Pemerintah juga perlu memikirkan peran strategis Indonesia dalam percaturan dunia perbukuan internasional. Setelah dipercayai sebagai Tamu Kehormatan di Frankfurt Book Fair 2015 dan Market Focus Country di London Book Fair 2019, serta aktif dalam berbagai pameran buku internasional untuk mempromosikan kekayaan literasi nasional, upaya itu mandek sejak Komite Buku Nasional (KBN) yang dibentuk Kementerian Pendidikan dan Kebudayaan pada awal 2016 dinyatakan selesai masa tugasnya pada akhir 2019. Sejak itu, nyaris tak ada lagi lembaga yang mengurusi hal ini. Ini diperparah dengan pandemi yang merajalela secara global sehingga banyak kegiatan perbukuan internasional dihentikan sementara atau hanya diselenggarakan secara daring.
Pada 2022 ini kita berharap pemerintah kembali memberikan perhatian pada upaya-upaya positif dalam mempromosikan potensi dan kekayaan industri kreatif nasional di pentas dunia, utamanya dalam ranah perbukuan. Apalagi, pada November 2022 nanti Indonesia dipercaya menyelenggarakan kongres International Publishers Association (IPA). Kongres itu direncanakan akan dihelat di Jakarta.

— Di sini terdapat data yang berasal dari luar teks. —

(* For every $m\ge 2$ and $n\ge 2$, the $m$th order $n$-dimensional Pascal tensor is strongly completely positive.
   Context: The $m$th order $n$-dimensional Pascal tensor is $\mathcal{P}=(p_{i_1\dots i_m})$ with $p_{i_1\dots i_m}=\frac{(i_1+\dots+i_m-m)!}{(i_1-1)!\cdots(i_m-1)!}$ for $i_1,\dots,i_m\in\{1,\dots,n\}$ (for $m=2$ this is the symmetric Pascal matrix). For $\mathbf{u}\in\mathbb{R}^n$, $\mathbf{u}^m$ is the tensor with entries $u_{i_1}\cdots u_{i_m}$. A symmetric tensor $\mathcal{A}$ of order $m$ and dimension $n$ is strongly completely positive if there are nonnegative vectors $\mathbf{u}^{(1)},\dots,\mathbf{u}^{(r)}\in\mathbb{R}^n$ spanning $\mathbb{R}^n$ such that $\mathcal{A}=(\mathbf{u}^{(1)})^m+\dots+(\mathbf{u}^{(r)})^m$. *)

theory Defs
  imports "HOL-Analysis.Analysis"
begin

(* Conventions: indices are 0-based. A multi-index of an m-th order n-dimensional
   tensor is a function j :: nat \<Rightarrow> nat with j k < n for all k < m
   (j k = i_(k+1) - 1 in the paper's 1-based notation). A tensor is a function
   from multi-indices to reals; only its values on valid multi-indices matter.
   A vector in R^n is a function nat \<Rightarrow> real, only its values on {0..<n} matter. *)

definition valid_index :: "nat \<Rightarrow> nat \<Rightarrow> (nat \<Rightarrow> nat) \<Rightarrow> bool" where
  "valid_index m n j \<longleftrightarrow> (\<forall>k<m. j k < n)"

(* p_{i_1...i_m} = (i_1+...+i_m-m)! / ((i_1-1)!...(i_m-1)!) *)
definition pascal_tensor :: "nat \<Rightarrow> (nat \<Rightarrow> nat) \<Rightarrow> real" where
  "pascal_tensor m j = fact (\<Sum>k<m. j k) / (\<Prod>k<m. fact (j k))"

definition tensor_power :: "nat \<Rightarrow> (nat \<Rightarrow> real) \<Rightarrow> (nat \<Rightarrow> nat) \<Rightarrow> real" where
  "tensor_power m u j = (\<Prod>k<m. u (j k))"

definition spans_Rn :: "nat \<Rightarrow> (nat \<Rightarrow> real) list \<Rightarrow> bool" where
  "spans_Rn n us \<longleftrightarrow>
     (\<forall>x :: nat \<Rightarrow> real. \<exists>c :: nat \<Rightarrow> real.
        \<forall>i<n. x i = (\<Sum>l<length us. c l * (us ! l) i))"

definition strongly_completely_positive ::
  "nat \<Rightarrow> nat \<Rightarrow> ((nat \<Rightarrow> nat) \<Rightarrow> real) \<Rightarrow> bool" where
  "strongly_completely_positive m n A \<longleftrightarrow>
     (\<forall>j j'. valid_index m n j \<longrightarrow> valid_index m n j' \<longrightarrow>
        (\<exists>\<sigma>. \<sigma> permutes {..<m} \<and> (\<forall>k<m. j' k = j (\<sigma> k))) \<longrightarrow> A j = A j') \<and>
     (\<exists>us :: (nat \<Rightarrow> real) list.
        (\<forall>u\<in>set us. \<forall>i<n. u i \<ge> 0) \<and>
        spans_Rn n us \<and>
        (\<forall>j. valid_index m n j \<longrightarrow> A j = (\<Sum>u\<leftarrow>us. tensor_power m u j)))"

end

theory Submission
  imports Defs "HOL-Computational_Algebra.Polynomial"
begin

text \<open>
  With \<open>S = j\<^sub>1 + \<dots> + j\<^sub>m\<close>, the entry \<open>S! / (j\<^sub>1! \<cdots> j\<^sub>m!)\<close> has numerator
  \<open>S! = \<integral>\<^sub>0\<^sup>\<infinity> x\<^sup>S e\<^sup>-\<^sup>x dx\<close>. Gauss quadrature for the weight \<open>e\<^sup>-\<^sup>x\<close> on \<open>[0, \<infinity>)\<close> with
  \<open>N\<close> nodes \<open>x\<^sub>l > 0\<close> and weights \<open>w\<^sub>l > 0\<close> is exact in degree \<open>< 2N\<close>, so for \<open>N = m n\<close>
  it gives \<open>S! = \<Sum>\<^sub>l w\<^sub>l x\<^sub>l\<^sup>S\<close>: the tensor is \<open>\<Sum>\<^sub>l u\<^sub>l\<^sup>m\<close> with the nonnegative vectors
  \<open>u\<^sub>l(i) = w\<^sub>l\<^sup>1\<^sup>/\<^sup>m x\<^sub>l\<^sup>i / i!\<close>, and the distinct nodes make them span (Vandermonde).

  No integral is ever formed: everything goes through the linear functional \<open>L(x\<^sup>s) = s!\<close>
  on polynomials. Its positivity on nonzero polynomials that are nonnegative on \<open>[0, \<infinity>)\<close>
  forces the Laguerre polynomial of degree \<open>N\<close> to have \<open>N\<close> distinct positive roots (the
  nodes) and makes the weights positive.
\<close>

definition laguerre_functional :: "real poly \<Rightarrow> real" where
  "laguerre_functional p = (\<Sum>s\<le>degree p. coeff p s * fact s)"

lemma laguerre_functional_eq_sum:
  assumes "degree p < B"
  shows "laguerre_functional p = (\<Sum>s<B. coeff p s * fact s)"
  unfolding laguerre_functional_def using assms
  by (intro sum.mono_neutral_left) (auto simp: coeff_eq_0)

lemma laguerre_functional_add:
  "laguerre_functional (p + q) = laguerre_functional p + laguerre_functional q"
proof -
  define B where "B = Suc (max (degree p) (degree q))"
  have "degree (p + q) < B"
    using degree_add_le_max[of p q] by (simp add: B_def)
  then show ?thesis
    by (simp add: laguerre_functional_eq_sum[where B = B] B_def sum.distrib algebra_simps)
qed

lemma laguerre_functional_smult:
  "laguerre_functional (smult c p) = c * laguerre_functional p"
  by (simp add: laguerre_functional_def sum_distrib_left mult.assoc)

lemma laguerre_functional_minus: "laguerre_functional (- p) = - laguerre_functional p"
  by (simp add: laguerre_functional_def sum_negf)

lemma laguerre_functional_sum:
  "laguerre_functional (\<Sum>a\<in>A. f a) = (\<Sum>a\<in>A. laguerre_functional (f a))"
  by (induction A rule: infinite_finite_induct)
    (simp_all add: laguerre_functional_add laguerre_functional_def[of 0])

lemma laguerre_functional_monom: "laguerre_functional (monom c a) = c * fact a"
proof -
  have "(\<Sum>s\<le>a. coeff (monom c a) s * fact s) = (\<Sum>s\<le>a. if s = a then c * fact a else 0)"
    by (intro sum.cong) (auto simp: coeff_monom)
  then show ?thesis
    by (cases "c = 0") (simp_all add: laguerre_functional_def degree_monom_eq)
qed

lemma pderiv_sum: "pderiv (\<Sum>a\<in>A. f a) = (\<Sum>a\<in>A. pderiv (f a))"
  by (induction A rule: infinite_finite_induct) (auto simp: pderiv_add)

lemma coeff_0_higher_pderiv: "coeff ((pderiv ^^ k) p) 0 = fact k * coeff p k"
  by (simp add: coeff_higher_pderiv pochhammer_fact)

lemma higher_pderiv_eq_0:
  fixes p :: "'a::{comm_semiring_1,semiring_no_zero_divisors,semiring_char_0} poly"
  assumes "degree p < k"
  shows "(pderiv ^^ k) p = 0"
  using assms by (intro poly_eqI) (simp add: coeff_higher_pderiv coeff_eq_0)

lemma lead_coeff_pos_if_nonneg:
  fixes p :: "real poly"
  assumes "p \<noteq> 0" and nonneg: "\<And>x. x \<ge> 0 \<Longrightarrow> poly p x \<ge> 0"
  shows "lead_coeff p > 0"
proof (rule ccontr)
  assume "\<not> lead_coeff p > 0"
  then have "lead_coeff (- p) > 0"
    using \<open>p \<noteq> 0\<close> by (simp add: less_le)
  then obtain x0 where "\<And>x. x \<ge> x0 \<Longrightarrow> poly (- p) x \<ge> lead_coeff (- p)"
    using poly_pinfty_gt_lc by blast
  then have "lead_coeff (- p) \<le> - poly p (max x0 0)"
    by simp
  with \<open>lead_coeff (- p) > 0\<close> nonneg[of "max x0 0"] show False
    by simp
qed

lemma exp_mult_poly_le_poly_0:
  fixes F :: "real poly"
  assumes "\<And>x. x \<ge> 0 \<Longrightarrow> poly (pderiv F) x \<le> poly F x" and "X \<ge> 0"
  shows "exp (- X) * poly F X \<le> poly F 0"
proof -
  define G where "G x = exp (- x) * poly F x" for x
  have "G X \<le> G 0"
  proof (rule DERIV_nonpos_imp_nonincreasing[OF \<open>X \<ge> 0\<close>])
    fix x :: real
    assume "0 \<le> x"
    have "DERIV G x :> exp (- x) * (poly (pderiv F) x - poly F x)"
      unfolding G_def by (auto intro!: derivative_eq_intros simp: algebra_simps)
    moreover have "exp (- x) * (poly (pderiv F) x - poly F x) \<le> 0"
      using assms(1)[OF \<open>0 \<le> x\<close>] by (simp add: mult_nonneg_nonpos)
    ultimately show "\<exists>y. DERIV G x :> y \<and> y \<le> 0" by blast
  qed
  then show ?thesis by (simp add: G_def)
qed

lemma sum_higher_pderiv_minus_pderiv:
  fixes p :: "'a::{idom,semiring_char_0} poly"
  defines "F \<equiv> \<Sum>k\<le>degree p. (pderiv ^^ k) p"
  shows "F - pderiv F = p"
proof -
  have "F - pderiv F = (\<Sum>k\<le>degree p. (pderiv ^^ k) p - (pderiv ^^ Suc k) p)"
    by (simp add: F_def pderiv_sum sum_subtractf)
  also have "\<dots> = p"
    using sum_telescope[of "\<lambda>k. (pderiv ^^ k) p" "degree p"]
    by (simp add: higher_pderiv_eq_0 del: funpow.simps)
  finally show ?thesis .
qed

lemma lead_coeff_sum_higher_pderiv:
  fixes p :: "'a::{idom,semiring_char_0} poly"
  defines "F \<equiv> \<Sum>k\<le>degree p. (pderiv ^^ k) p"
  shows "lead_coeff F = lead_coeff p"
proof -
  have "degree F \<le> degree p"
    unfolding F_def by (rule degree_sum_le) (auto simp: degree_higher_pderiv)
  then have "coeff (pderiv F) (degree p) = 0"
    by (simp add: coeff_pderiv coeff_eq_0)
  then have "coeff F (degree p) = lead_coeff p"
    using arg_cong[OF sum_higher_pderiv_minus_pderiv[of p], of "\<lambda>q. coeff q (degree p)"]
    by (simp add: F_def)
  moreover have "degree F = degree p"
  proof (cases "p = 0")
    case False
    then show ?thesis
      using \<open>degree F \<le> degree p\<close> \<open>coeff F (degree p) = lead_coeff p\<close> le_degree[of F "degree p"]
      by simp
  qed (use \<open>degree F \<le> degree p\<close> in simp)
  ultimately show ?thesis
    by simp
qed

text \<open>With \<open>F = p + p' + p'' + \<dots>\<close> one has \<open>F - F' = p \<ge> 0\<close> on \<open>[0, \<infinity>)\<close>, so \<open>e\<^sup>-\<^sup>x F(x)\<close>
  is nonincreasing there; as \<open>F\<close> is eventually positive, \<open>L p = F(0) > 0\<close>.\<close>

lemma laguerre_functional_pos:
  fixes p :: "real poly"
  assumes "p \<noteq> 0" and nonneg: "\<And>x. x \<ge> 0 \<Longrightarrow> poly p x \<ge> 0"
  shows "laguerre_functional p > 0"
proof -
  define F where "F = (\<Sum>k\<le>degree p. (pderiv ^^ k) p)"
  have "lead_coeff F > 0"
    using lead_coeff_pos_if_nonneg[OF assms] lead_coeff_sum_higher_pderiv[of p] by (simp add: F_def)
  then obtain x0 where x0: "\<And>x. x \<ge> x0 \<Longrightarrow> poly F x \<ge> lead_coeff F"
    using poly_pinfty_gt_lc by blast
  define X where "X = max x0 0"
  have "poly (pderiv F) x \<le> poly F x" if "x \<ge> 0" for x
    using nonneg[OF that] arg_cong[OF sum_higher_pderiv_minus_pderiv[of p], of "\<lambda>q. poly q x"]
    by (simp add: F_def)
  moreover have "X \<ge> 0"
    by (simp add: X_def)
  ultimately have "exp (- X) * poly F X \<le> poly F 0"
    by (rule exp_mult_poly_le_poly_0)
  moreover have "0 < exp (- X) * poly F X"
    using x0[of X] \<open>lead_coeff F > 0\<close> by (simp add: X_def)
  moreover have "poly F 0 = laguerre_functional p"
    by (simp add: F_def poly_0_coeff_0 coeff_sum coeff_0_higher_pderiv
        laguerre_functional_def mult.commute)
  ultimately show ?thesis
    by simp
qed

Upaya positif lain yang bisa dilakukan pemerintah dalam membantu ekosistem perbukuan adalah pembelian buku pengayaan—seperti karya sastra—dalam jumlah besar untuk dibagikan secara gratis kepada para siswa atau perpustakaan. Hal ini akan membantu penulis sekaligus penerbit. Ini juga akan mempermudah masyarakat dalam mengakses dan membaca buku. Dengan demikian, upaya ini dapat bermanfaat dalam pembinaan literasi membaca bagi khalayak luas di tengah situasi pandemi.
Badai belum berlalu, bahkan bisa jadi bakal berkecamuk kian dahsyat. Kita berharap untuk sanggup bertahan dan terus berjuang dalam masa sulit. Salah satu kuncinya adalah sinergi dan kolaborasi di antara segenap pemangku kepentingan di dunia perbukuan. Lebih baik lagi jika pemerintah mau peduli dan sigap bertindak mengantisipasi persoalan.